We have over 7 Billion people on the this planet, so why are aren’t we brimming full with amazing leaders?  Where are the Alexander the Great’s, the Winston Churchill’s, the Julius Caesars, the Asoka’s, the Franklin D. Roosevelt’s, the Thomas Jefferson’s and Napoleon Bonarparte’s, and the George Washington’s? Where are the Nelson Mandela’s,  the Mahatma Gandhi’s, and Joan of Arcs, the Ataturk’s, the Hamurabi’s and the Leonidas’? Where are the 21st Century’s versions of Marcus Aurelius, Catherine the Great, the Simon Bolivars?  Our world history is replete with tremendous leaders, who left their mark on the societies that they lived it.

Just here in the United States of America alone we had John Adams, Thomas Jefferson, George Washington, John Jay, Benjamin Franklin and Alexander Hamilton just to name a few.  The original thirteen colonies had a population of approximately 3 million people.  Let that sink in for a moment. A fledgling country with a population of 3 million people had six brilliant leaders.  The US population is now well over 350 million people.  That means that we should have over seven hundred leaders at the caliber of the US founding fathers.  But we don’t, why? In three words we can sum up why, education and role models. You see, these men all were educated not what to think, but how to think. Equally importantly they had role models.  At a young age, Alexander  was exposed to Achilles from a poem called The Illiad. was a heroic Greek warrior from a famous ancient poem called the Iliad. Achilles became the model of the noble warrior for Alexander, and he modeled himself after this hero.
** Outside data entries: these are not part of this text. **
(* Let $G=(V,E)$ be a connected undirected graph with positive edge weights $w$, and run the distributed algorithm described in the context synchronously at every node. Then for every node $v\in V$ and every node $s\in V\setminus\{v\}$, at any time after the first $2\,\mathcal{D}(G)+1$ phases have been completed, the variable $B[v,s]$ at $v$ equals $\mathsf{bc}_v(s)$.
   Context: Graph notions. $G=(V,E)$ is connected, undirected, with weights $w(e)>0$; $N(v)$ is the set of neighbors of $v$ and $N[v]=N(v)\cup\{v\}$. The length of a path is the sum of its edge weights; $\mathrm{dist}(s,t)$ is the length of a shortest $s$–$t$ path. For $s\neq t$, $\mathrm{maxhop}(s,t)$ is the maximum number of edges of a shortest (minimum-length) $s$–$t$ path, $\mathrm{maxhop}(s,s)=0$, and $\mathcal{D}(G)=\max_{s,t\in V}\mathrm{maxhop}(s,t)$. $\sigma_{s,t}$ is the number of shortest $s$–$t$ paths ($\sigma_{s,s}=1$) and $\sigma_{s,t}(v)$ the number of those passing through $v$ ($\sigma_{s,s}(s)=1$). For $s\in V$, $\mathsf{bc}_v(s)=\sum_{t\neq v}\sigma_{s,t}(v)/\sigma_{s,t}$. Algorithm (at each node $v$). Initialization: for all $t\in V$: $D[t]=+\infty$, $\mathrm{NH}[t]=\mathrm{PH}[t]=\emptyset$, and for all $u\in N[v]$: $B[u,t]=0$, $S[u,t]=0$; then $S[v,v]=1$, $D[v]=0$. Execution proceeds in synchronous phases; in each phase every node $v$ sends, for every $t\in V$, the message $(t,D[t],S[v,t],B[v,t])$ to every neighbor, receives all messages sent to it by its neighbors in that phase, and processes each of them (in arbitrary order) as follows. On receipt of $(t,d,s,b)$ from $u\in N(v)$: remove $u$ from $\mathrm{NH}[t]$ and from $\mathrm{PH}[t]$; if $d+w(\{u,v\})<D[t]$ set $D[t]\leftarrow d+w(\{u,v\})$; else if $d+w(\{u,v\})=D[t]$ add $u$ to $\mathrm{NH}[t]$; else if $d-w(\{u,v\})=D[t]$ add $u$ to $\mathrm{PH}[t]$. Then set $S[u,t]\leftarrow s$, $B[u,t]\leftarrow b$; if $t\neq v$ set $S[v,t]\leftarrow\sum_{x\in\mathrm{NH}[t]}S[x,t]$; set $B[v,t]\leftarrow S[v,t]\cdot\sum_{x\in\mathrm{PH}[t]}\frac{B[x,t]+1}{S[x,t]}$ (a term with $S[x,t]=0$ is taken as $0$); finally set $C\leftarrow\sum_{x\neq v}B[v,x]$. *)

theory Defs
  imports Main "HOL-Library.Extended_Real"
begin

definition weighted_graph :: "('v \<Rightarrow> 'v \<Rightarrow> bool) \<Rightarrow> ('v \<Rightarrow> 'v \<Rightarrow> real) \<Rightarrow> bool" where
  "weighted_graph E w \<longleftrightarrow> (\<forall>u v. E u v \<longrightarrow> E v u) \<and> (\<forall>v. \<not> E v v)
     \<and> (\<forall>u v. E u v \<longrightarrow> w u v = w v u \<and> w u v > 0)"

definition connected_graph :: "('v \<Rightarrow> 'v \<Rightarrow> bool) \<Rightarrow> bool" where
  "connected_graph E \<longleftrightarrow> (\<forall>s t. E\<^sup>*\<^sup>* s t)"

definition is_path :: "('v \<Rightarrow> 'v \<Rightarrow> bool) \<Rightarrow> 'v \<Rightarrow> 'v \<Rightarrow> 'v list \<Rightarrow> bool" where
  "is_path E s t p \<longleftrightarrow> p \<noteq> [] \<and> hd p = s \<and> last p = t \<and> distinct p \<and> successively E p"

definition plen :: "('v \<Rightarrow> 'v \<Rightarrow> real) \<Rightarrow> 'v list \<Rightarrow> real" where
  "plen w p = sum_list (map (\<lambda>(a, b). w a b) (zip p (tl p)))"

definition gdist :: "('v \<Rightarrow> 'v \<Rightarrow> bool) \<Rightarrow> ('v \<Rightarrow> 'v \<Rightarrow> real) \<Rightarrow> 'v \<Rightarrow> 'v \<Rightarrow> real" where
  "gdist E w s t = Min (plen w ` {p. is_path E s t p})"

definition shortest_paths :: "('v \<Rightarrow> 'v \<Rightarrow> bool) \<Rightarrow> ('v \<Rightarrow> 'v \<Rightarrow> real) \<Rightarrow> 'v \<Rightarrow> 'v \<Rightarrow> 'v list set" where
  "shortest_paths E w s t = {p. is_path E s t p \<and> plen w p = gdist E w s t}"

definition maxhop :: "('v \<Rightarrow> 'v \<Rightarrow> bool) \<Rightarrow> ('v \<Rightarrow> 'v \<Rightarrow> real) \<Rightarrow> 'v \<Rightarrow> 'v \<Rightarrow> nat" where
  "maxhop E w s t = (if s = t then 0 else Max ((\<lambda>p. length p - 1) ` shortest_paths E w s t))"

definition hopdiam :: "('v::finite \<Rightarrow> 'v \<Rightarrow> bool) \<Rightarrow> ('v \<Rightarrow> 'v \<Rightarrow> real) \<Rightarrow> nat" where
  "hopdiam E w = Max {maxhop E w s t | s t. True}"

definition sigma :: "('v \<Rightarrow> 'v \<Rightarrow> bool) \<Rightarrow> ('v \<Rightarrow> 'v \<Rightarrow> real) \<Rightarrow> 'v \<Rightarrow> 'v \<Rightarrow> nat" where
  "sigma E w s t = card (shortest_paths E w s t)"

definition sigma_via :: "('v \<Rightarrow> 'v \<Rightarrow> bool) \<Rightarrow> ('v \<Rightarrow> 'v \<Rightarrow> real) \<Rightarrow> 'v \<Rightarrow> 'v \<Rightarrow> 'v \<Rightarrow> nat" where
  "sigma_via E w s t v = card {p \<in> shortest_paths E w s t. v \<in> set p}"

definition bc :: "('v::finite \<Rightarrow> 'v \<Rightarrow> bool) \<Rightarrow> ('v \<Rightarrow> 'v \<Rightarrow> real) \<Rightarrow> 'v \<Rightarrow> 'v \<Rightarrow> real" where
  "bc E w v s = (\<Sum>t\<in>UNIV - {v}. real (sigma_via E w s t v) / real (sigma E w s t))"

text \<open>Local state of a node v: D[t], NH[t], PH[t], S[u,t], B[u,t] (stored for all u, only
  u in N[v] is ever used), and C.\<close>
record 'v nstate =
  Dv :: "'v \<Rightarrow> ereal"
  NH :: "'v \<Rightarrow> 'v set"
  PH :: "'v \<Rightarrow> 'v set"
  Sv :: "'v \<Rightarrow> 'v \<Rightarrow> real"
  Bv :: "'v \<Rightarrow> 'v \<Rightarrow> real"
  Cv :: real

definition init_state :: "'v \<Rightarrow> 'v nstate" where
  "init_state v = \<lparr> Dv = (\<lambda>t. \<infinity>)(v := 0), NH = (\<lambda>t. {}), PH = (\<lambda>t. {}),
      Sv = (\<lambda>u t. 0)(v := (\<lambda>t. 0)(v := 1)), Bv = (\<lambda>u t. 0), Cv = 0 \<rparr>"

definition upd_dist :: "('v \<Rightarrow> 'v \<Rightarrow> real) \<Rightarrow> 'v \<Rightarrow> 'v \<Rightarrow> 'v \<Rightarrow> ereal \<Rightarrow> 'v nstate \<Rightarrow> 'v nstate" where
  "upd_dist w v u t d st =
    (let st1 = st\<lparr> NH := (NH st)(t := NH st t - {u}), PH := (PH st)(t := PH st t - {u}) \<rparr>;
         x = d + ereal (w u v)
     in if x < Dv st1 t then st1\<lparr> Dv := (Dv st1)(t := x) \<rparr>
        else if x = Dv st1 t then st1\<lparr> NH := (NH st1)(t := insert u (NH st1 t)) \<rparr>
        else if d - ereal (w u v) = Dv st1 t then st1\<lparr> PH := (PH st1)(t := insert u (PH st1 t)) \<rparr>
        else st1)"

text \<open>Step 2: store S[u,t], B[u,t]; recompute S[v,t] (if t ~= v), B[v,t], and C.
  A term with S[x,t] = 0 is taken as 0.\<close>
definition upd_counts :: "'v::finite \<Rightarrow> 'v \<Rightarrow> 'v \<Rightarrow> real \<Rightarrow> real \<Rightarrow> 'v nstate \<Rightarrow> 'v nstate" where
  "upd_counts v u t s b st =
    (let st1 = st\<lparr> Sv := (Sv st)(u := (Sv st u)(t := s)), Bv := (Bv st)(u := (Bv st u)(t := b)) \<rparr>;
         st2 = (if t \<noteq> v then st1\<lparr> Sv := (Sv st1)(v := (Sv st1 v)(t := (\<Sum>x\<in>NH st1 t. Sv st1 x t))) \<rparr>
                else st1);
         st3 = st2\<lparr> Bv := (Bv st2)(v := (Bv st2 v)(t :=
                  Sv st2 v t * (\<Sum>x\<in>PH st2 t. if Sv st2 x t = 0 then 0
                                               else (Bv st2 x t + 1) / Sv st2 x t))) \<rparr>
     in st3\<lparr> Cv := (\<Sum>x\<in>UNIV - {v}. Bv st3 v x) \<rparr>)"

definition proc_msg :: "('v::finite \<Rightarrow> 'v \<Rightarrow> real) \<Rightarrow> 'v \<Rightarrow> 'v \<Rightarrow> 'v \<Rightarrow> ereal \<Rightarrow> real \<Rightarrow> real
    \<Rightarrow> 'v nstate \<Rightarrow> 'v nstate" where
  "proc_msg w v u t d s b st = upd_counts v u t s b (upd_dist w v u t d st)"

text \<open>Node v processes, in the order given by the list xs of pairs (u,t), the messages
  (t, D[t], S[u,t], B[u,t]) that each neighbour u sent based on its state in the global
  state g at the start of the phase.\<close>
definition process_list :: "('v::finite \<Rightarrow> 'v \<Rightarrow> real) \<Rightarrow> ('v \<Rightarrow> 'v nstate) \<Rightarrow> 'v
    \<Rightarrow> ('v \<times> 'v) list \<Rightarrow> 'v nstate \<Rightarrow> 'v nstate" where
  "process_list w g v xs st =
     fold (\<lambda>(u, t) st'. proc_msg w v u t (Dv (g u) t) (Sv (g u) u t) (Bv (g u) u t) st') xs st"

text \<open>Global state after k synchronous phases; ord k v is the (arbitrary) order in which
  node v processes the messages received in phase k+1.\<close>
primrec exec :: "('v::finite \<Rightarrow> 'v \<Rightarrow> real) \<Rightarrow> (nat \<Rightarrow> 'v \<Rightarrow> ('v \<times> 'v) list) \<Rightarrow> nat
    \<Rightarrow> 'v \<Rightarrow> 'v nstate" where
  "exec w ord 0 = init_state"
| "exec w ord (Suc k) = (\<lambda>v. process_list w (exec w ord k) v (ord k v) (exec w ord k v))"

end

theory Submission
  imports Defs
begin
Alexander was first educated by  Leonidas, who was a relative of Alexander’s mother Olympia. Alexander’s father King Phillip asked Leonidas to teach Alexander math, horsemanship and archery. Alexander’s next tutor was Lysimachus, who used role playing as a way to engage and make the lessons stick. Alexander was enthralled by the warrior hero Achilles in the epic poem, the Illiad.  Alexander’s fascination with the Illiad lasted throughout his life and he was said to always have a copy with him on his military campaigns.   Eventually King Philip hired the philosopher Aristotle to teach  Alexander. For three years, Aristotle taught Alexander philosophy, poetry, drama, science and politics.

America’s Founding Fathers were immersed in what was called a “classic education.”  From the article The Classical Education of the Founding Fathers
“The typical education of the time began in what we would call the 3rd Grade—at about age eight. Students who actually went to school were required to learn Latin and Greek grammar and, later, to read the Latin historians Tacitus and Livy, the Greek historians Herodotus and Thucydides, and to translate the Latin poetry of Virgil and Horace. They were expected to know the language well enough to translate from the original into English and back again to the original in another grammatical tense. Classical Education also stressed the seven liberal arts: Latin, logic, rhetoric (the “trivium”), as well as arithmetic, geometry, astronomy, and music (the “quadrivium”).”

By now you have probably already come to the same conclusion as I did, “Why weren’t we educated in this manner?”  Can you imagine what America would be like today if we had, as opposed to the intentional dumbing down of this country’s citizens?

And my dear reader is what Hardcore Leadership is all about, educating the next generation of leaders. And as Patrick Henry once said, “I have but one lamp by which my feet are guided, and that is the lamp of experience. I know of no way of judging of the future but by the past.”